(Items from a data source)
Start of Block

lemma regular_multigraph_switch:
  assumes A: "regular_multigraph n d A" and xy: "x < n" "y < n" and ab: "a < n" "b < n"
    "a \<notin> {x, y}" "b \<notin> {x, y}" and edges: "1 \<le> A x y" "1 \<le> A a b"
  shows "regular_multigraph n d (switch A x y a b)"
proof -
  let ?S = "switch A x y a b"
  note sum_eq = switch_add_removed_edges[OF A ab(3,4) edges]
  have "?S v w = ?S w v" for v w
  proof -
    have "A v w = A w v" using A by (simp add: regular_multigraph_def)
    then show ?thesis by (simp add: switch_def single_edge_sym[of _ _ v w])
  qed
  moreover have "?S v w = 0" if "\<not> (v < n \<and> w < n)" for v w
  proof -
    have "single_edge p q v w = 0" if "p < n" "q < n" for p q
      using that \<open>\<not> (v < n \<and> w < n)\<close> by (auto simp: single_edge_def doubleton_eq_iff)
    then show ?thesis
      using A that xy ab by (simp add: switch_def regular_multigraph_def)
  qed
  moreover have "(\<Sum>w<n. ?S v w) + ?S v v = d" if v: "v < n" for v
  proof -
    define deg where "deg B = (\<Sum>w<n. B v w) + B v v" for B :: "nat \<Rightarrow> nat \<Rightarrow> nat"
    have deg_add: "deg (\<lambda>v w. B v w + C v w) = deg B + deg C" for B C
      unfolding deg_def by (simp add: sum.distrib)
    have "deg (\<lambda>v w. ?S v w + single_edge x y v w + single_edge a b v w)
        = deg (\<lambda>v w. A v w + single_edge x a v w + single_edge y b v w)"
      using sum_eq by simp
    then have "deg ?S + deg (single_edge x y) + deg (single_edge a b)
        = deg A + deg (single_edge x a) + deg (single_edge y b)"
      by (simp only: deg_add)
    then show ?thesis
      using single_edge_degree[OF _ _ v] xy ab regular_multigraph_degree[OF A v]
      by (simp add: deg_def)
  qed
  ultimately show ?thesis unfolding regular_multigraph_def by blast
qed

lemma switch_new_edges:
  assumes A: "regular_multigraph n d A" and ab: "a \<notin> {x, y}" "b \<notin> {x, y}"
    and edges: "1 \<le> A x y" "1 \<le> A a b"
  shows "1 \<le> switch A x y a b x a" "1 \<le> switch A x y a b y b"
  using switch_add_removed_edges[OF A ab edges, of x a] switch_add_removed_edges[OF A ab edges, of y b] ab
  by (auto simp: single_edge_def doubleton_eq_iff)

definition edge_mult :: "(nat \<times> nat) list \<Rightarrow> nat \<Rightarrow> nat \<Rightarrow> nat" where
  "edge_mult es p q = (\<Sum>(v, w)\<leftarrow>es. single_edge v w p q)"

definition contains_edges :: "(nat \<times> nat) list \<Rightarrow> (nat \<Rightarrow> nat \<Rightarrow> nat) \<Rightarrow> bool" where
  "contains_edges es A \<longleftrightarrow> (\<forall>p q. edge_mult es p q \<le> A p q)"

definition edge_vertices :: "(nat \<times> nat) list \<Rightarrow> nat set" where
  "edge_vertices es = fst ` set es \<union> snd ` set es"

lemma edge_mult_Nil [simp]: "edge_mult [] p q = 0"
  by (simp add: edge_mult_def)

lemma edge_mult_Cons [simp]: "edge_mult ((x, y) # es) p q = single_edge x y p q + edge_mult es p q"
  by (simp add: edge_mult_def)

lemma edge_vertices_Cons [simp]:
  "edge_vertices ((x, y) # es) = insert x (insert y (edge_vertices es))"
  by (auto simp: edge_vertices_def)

End of Block
Start of Block

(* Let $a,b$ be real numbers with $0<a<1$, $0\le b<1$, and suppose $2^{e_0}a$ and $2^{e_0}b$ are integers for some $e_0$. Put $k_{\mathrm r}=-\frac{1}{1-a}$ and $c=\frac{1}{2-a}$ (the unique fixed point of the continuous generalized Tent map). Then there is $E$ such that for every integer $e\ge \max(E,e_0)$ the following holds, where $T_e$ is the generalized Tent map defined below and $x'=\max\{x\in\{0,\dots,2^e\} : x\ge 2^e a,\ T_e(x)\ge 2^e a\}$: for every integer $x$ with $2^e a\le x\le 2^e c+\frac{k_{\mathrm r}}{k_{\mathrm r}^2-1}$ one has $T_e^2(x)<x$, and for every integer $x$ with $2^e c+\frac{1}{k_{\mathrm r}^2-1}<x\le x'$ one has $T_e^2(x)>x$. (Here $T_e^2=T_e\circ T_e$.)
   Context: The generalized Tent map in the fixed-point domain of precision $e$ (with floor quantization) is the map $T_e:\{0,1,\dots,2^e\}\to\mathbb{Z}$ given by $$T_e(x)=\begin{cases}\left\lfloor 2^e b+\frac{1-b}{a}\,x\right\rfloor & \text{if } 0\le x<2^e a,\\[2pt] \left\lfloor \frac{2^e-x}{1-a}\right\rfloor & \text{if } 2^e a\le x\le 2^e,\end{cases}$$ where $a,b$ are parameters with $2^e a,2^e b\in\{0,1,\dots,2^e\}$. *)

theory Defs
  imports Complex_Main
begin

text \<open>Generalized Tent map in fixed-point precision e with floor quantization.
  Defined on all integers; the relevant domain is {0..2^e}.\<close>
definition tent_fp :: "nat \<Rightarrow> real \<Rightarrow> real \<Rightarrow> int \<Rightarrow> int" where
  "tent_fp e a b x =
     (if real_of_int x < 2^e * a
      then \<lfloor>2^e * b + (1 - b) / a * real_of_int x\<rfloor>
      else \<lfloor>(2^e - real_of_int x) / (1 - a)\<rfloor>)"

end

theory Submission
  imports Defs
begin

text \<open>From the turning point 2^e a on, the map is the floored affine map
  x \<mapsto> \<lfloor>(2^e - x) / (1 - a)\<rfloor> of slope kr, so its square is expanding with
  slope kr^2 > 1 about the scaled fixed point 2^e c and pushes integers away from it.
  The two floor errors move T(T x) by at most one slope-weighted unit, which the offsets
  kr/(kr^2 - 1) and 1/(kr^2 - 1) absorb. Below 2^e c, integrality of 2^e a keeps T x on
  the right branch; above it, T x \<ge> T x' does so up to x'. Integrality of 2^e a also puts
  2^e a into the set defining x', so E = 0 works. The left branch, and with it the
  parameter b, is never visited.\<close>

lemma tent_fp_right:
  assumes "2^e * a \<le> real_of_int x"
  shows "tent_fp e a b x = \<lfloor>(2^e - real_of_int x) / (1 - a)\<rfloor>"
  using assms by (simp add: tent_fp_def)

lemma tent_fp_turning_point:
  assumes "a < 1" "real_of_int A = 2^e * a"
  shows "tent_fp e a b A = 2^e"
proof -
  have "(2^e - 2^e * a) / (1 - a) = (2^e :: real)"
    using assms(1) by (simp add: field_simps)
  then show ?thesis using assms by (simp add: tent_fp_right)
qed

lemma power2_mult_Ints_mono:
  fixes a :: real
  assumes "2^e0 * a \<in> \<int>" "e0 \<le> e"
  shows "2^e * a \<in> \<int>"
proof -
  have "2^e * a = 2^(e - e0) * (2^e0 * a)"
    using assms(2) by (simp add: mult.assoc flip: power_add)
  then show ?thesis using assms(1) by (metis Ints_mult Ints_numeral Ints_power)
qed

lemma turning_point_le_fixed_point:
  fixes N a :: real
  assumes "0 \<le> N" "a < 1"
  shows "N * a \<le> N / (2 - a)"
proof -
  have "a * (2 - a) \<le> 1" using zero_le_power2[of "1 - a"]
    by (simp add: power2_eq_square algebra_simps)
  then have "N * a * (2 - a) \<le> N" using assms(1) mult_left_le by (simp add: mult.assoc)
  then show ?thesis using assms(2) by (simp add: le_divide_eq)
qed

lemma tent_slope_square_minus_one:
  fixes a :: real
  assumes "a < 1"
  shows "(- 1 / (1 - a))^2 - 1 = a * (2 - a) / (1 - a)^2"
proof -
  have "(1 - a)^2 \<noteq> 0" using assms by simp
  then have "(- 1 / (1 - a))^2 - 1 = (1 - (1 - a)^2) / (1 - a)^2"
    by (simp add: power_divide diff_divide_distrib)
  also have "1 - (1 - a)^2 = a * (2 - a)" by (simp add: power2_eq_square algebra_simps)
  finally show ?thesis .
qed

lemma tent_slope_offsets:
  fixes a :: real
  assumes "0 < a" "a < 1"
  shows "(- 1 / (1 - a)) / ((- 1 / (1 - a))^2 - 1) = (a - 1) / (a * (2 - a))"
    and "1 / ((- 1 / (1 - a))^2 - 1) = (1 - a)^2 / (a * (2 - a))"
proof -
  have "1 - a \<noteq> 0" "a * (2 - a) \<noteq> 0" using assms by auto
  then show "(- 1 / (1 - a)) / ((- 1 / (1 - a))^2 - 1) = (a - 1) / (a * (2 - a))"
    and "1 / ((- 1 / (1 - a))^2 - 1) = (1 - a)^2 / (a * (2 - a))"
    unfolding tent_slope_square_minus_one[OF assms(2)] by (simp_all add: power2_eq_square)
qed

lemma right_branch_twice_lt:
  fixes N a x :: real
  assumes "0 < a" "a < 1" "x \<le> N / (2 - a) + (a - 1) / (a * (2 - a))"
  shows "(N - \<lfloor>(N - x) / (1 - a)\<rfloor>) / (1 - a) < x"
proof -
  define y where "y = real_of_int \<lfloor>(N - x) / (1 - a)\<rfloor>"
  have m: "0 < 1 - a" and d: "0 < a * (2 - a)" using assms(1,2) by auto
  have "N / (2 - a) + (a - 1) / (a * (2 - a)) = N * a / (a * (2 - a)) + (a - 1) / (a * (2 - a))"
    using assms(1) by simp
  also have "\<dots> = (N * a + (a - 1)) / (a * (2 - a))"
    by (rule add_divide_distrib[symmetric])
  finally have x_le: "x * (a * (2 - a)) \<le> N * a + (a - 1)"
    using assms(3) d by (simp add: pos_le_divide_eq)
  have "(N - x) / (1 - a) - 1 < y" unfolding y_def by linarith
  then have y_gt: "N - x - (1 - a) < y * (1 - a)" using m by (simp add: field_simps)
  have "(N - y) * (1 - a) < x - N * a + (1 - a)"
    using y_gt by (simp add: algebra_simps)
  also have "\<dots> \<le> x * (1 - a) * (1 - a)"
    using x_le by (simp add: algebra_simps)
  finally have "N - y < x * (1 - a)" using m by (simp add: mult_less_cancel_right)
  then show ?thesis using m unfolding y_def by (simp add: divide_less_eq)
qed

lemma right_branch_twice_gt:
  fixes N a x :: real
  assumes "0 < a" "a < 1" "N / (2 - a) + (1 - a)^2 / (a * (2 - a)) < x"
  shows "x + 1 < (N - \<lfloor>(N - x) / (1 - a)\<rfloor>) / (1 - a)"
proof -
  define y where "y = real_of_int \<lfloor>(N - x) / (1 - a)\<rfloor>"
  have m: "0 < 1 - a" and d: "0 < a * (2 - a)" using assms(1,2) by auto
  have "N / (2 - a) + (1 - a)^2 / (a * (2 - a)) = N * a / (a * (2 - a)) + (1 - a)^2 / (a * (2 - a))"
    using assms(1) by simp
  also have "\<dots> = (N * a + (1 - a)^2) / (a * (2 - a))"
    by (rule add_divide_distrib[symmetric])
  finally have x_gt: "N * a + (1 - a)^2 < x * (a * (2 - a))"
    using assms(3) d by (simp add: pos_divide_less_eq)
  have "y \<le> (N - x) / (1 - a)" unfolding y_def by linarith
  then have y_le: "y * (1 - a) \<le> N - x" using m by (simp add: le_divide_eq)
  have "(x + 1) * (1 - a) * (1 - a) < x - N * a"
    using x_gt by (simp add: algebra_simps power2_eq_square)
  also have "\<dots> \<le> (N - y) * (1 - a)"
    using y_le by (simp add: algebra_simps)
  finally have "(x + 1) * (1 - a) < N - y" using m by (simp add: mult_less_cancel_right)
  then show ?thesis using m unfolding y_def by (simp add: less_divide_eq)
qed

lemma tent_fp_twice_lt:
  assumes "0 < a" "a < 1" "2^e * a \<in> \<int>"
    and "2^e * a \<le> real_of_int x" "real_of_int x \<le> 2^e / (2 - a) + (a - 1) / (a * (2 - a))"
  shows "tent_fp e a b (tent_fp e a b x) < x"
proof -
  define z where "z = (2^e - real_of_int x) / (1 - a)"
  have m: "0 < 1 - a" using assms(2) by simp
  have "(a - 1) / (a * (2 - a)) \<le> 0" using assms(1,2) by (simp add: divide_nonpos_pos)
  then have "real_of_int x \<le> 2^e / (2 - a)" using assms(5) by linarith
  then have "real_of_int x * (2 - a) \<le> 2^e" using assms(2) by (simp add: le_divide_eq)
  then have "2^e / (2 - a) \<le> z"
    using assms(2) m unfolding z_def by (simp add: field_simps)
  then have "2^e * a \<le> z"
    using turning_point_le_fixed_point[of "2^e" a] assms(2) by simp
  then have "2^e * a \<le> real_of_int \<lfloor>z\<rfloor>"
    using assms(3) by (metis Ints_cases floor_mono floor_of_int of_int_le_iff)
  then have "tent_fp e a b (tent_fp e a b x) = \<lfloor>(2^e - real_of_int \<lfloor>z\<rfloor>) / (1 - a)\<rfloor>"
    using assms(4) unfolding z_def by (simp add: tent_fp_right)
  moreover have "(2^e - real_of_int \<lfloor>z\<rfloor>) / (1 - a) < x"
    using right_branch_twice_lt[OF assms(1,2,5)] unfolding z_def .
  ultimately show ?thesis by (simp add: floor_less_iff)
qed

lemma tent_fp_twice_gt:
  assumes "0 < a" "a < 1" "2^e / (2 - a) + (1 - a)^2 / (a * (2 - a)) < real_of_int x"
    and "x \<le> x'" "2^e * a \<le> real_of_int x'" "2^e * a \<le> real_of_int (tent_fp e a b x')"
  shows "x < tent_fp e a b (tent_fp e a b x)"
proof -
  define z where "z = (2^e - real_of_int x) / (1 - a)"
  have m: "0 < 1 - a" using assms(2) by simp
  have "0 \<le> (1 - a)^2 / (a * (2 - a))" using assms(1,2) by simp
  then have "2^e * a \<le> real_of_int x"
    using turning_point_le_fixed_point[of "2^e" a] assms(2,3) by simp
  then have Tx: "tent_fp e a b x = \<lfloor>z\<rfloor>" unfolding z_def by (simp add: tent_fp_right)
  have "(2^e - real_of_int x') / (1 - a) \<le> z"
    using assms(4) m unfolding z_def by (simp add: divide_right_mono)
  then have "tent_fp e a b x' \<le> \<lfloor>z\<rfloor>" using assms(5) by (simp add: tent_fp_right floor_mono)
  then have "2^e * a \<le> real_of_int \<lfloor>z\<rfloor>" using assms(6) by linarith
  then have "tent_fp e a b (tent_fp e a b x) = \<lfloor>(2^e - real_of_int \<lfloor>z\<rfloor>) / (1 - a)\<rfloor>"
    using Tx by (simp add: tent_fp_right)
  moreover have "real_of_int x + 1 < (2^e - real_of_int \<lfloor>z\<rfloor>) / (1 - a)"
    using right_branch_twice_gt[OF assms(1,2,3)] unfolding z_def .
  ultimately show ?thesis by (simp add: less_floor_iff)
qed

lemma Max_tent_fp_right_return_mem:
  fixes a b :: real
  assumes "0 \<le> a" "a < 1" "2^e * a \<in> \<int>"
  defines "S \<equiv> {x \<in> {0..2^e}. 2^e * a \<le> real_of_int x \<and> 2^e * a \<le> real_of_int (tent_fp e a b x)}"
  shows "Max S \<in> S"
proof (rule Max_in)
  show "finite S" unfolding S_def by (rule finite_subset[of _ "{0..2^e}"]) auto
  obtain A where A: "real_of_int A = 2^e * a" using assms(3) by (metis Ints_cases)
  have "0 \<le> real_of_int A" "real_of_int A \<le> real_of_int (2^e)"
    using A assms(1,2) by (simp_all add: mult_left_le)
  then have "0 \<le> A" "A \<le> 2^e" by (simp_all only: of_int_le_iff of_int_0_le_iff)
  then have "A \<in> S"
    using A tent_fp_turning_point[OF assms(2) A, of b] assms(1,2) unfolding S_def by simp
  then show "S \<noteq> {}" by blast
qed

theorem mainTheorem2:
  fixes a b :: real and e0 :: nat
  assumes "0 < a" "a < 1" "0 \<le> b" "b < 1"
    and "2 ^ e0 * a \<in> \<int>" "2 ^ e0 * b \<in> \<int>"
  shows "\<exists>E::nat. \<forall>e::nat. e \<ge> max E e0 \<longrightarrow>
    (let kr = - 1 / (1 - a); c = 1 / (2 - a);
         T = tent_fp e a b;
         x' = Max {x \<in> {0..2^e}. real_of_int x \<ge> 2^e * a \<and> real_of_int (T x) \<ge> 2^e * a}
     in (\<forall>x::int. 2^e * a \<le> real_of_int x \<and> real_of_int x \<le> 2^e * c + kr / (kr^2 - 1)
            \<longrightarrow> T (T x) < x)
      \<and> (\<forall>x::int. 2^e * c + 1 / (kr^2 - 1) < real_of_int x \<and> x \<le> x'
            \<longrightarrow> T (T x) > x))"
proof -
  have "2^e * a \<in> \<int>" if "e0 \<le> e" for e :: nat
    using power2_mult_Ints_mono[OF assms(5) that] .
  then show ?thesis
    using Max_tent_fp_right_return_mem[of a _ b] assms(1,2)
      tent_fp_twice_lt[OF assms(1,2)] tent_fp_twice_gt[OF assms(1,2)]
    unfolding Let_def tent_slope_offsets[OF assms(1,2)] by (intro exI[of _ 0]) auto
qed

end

End of Block

=== The task ===
Whenever the string "ultimately" shows up in a line of the records, copy that line.

=== Answer area ===
  ultimately show ?thesis unfolding regular_multigraph_def by blast
  ultimately show ?thesis by (simp add: floor_less_iff)
  ultimately show ?thesis by (simp add: less_floor_iff)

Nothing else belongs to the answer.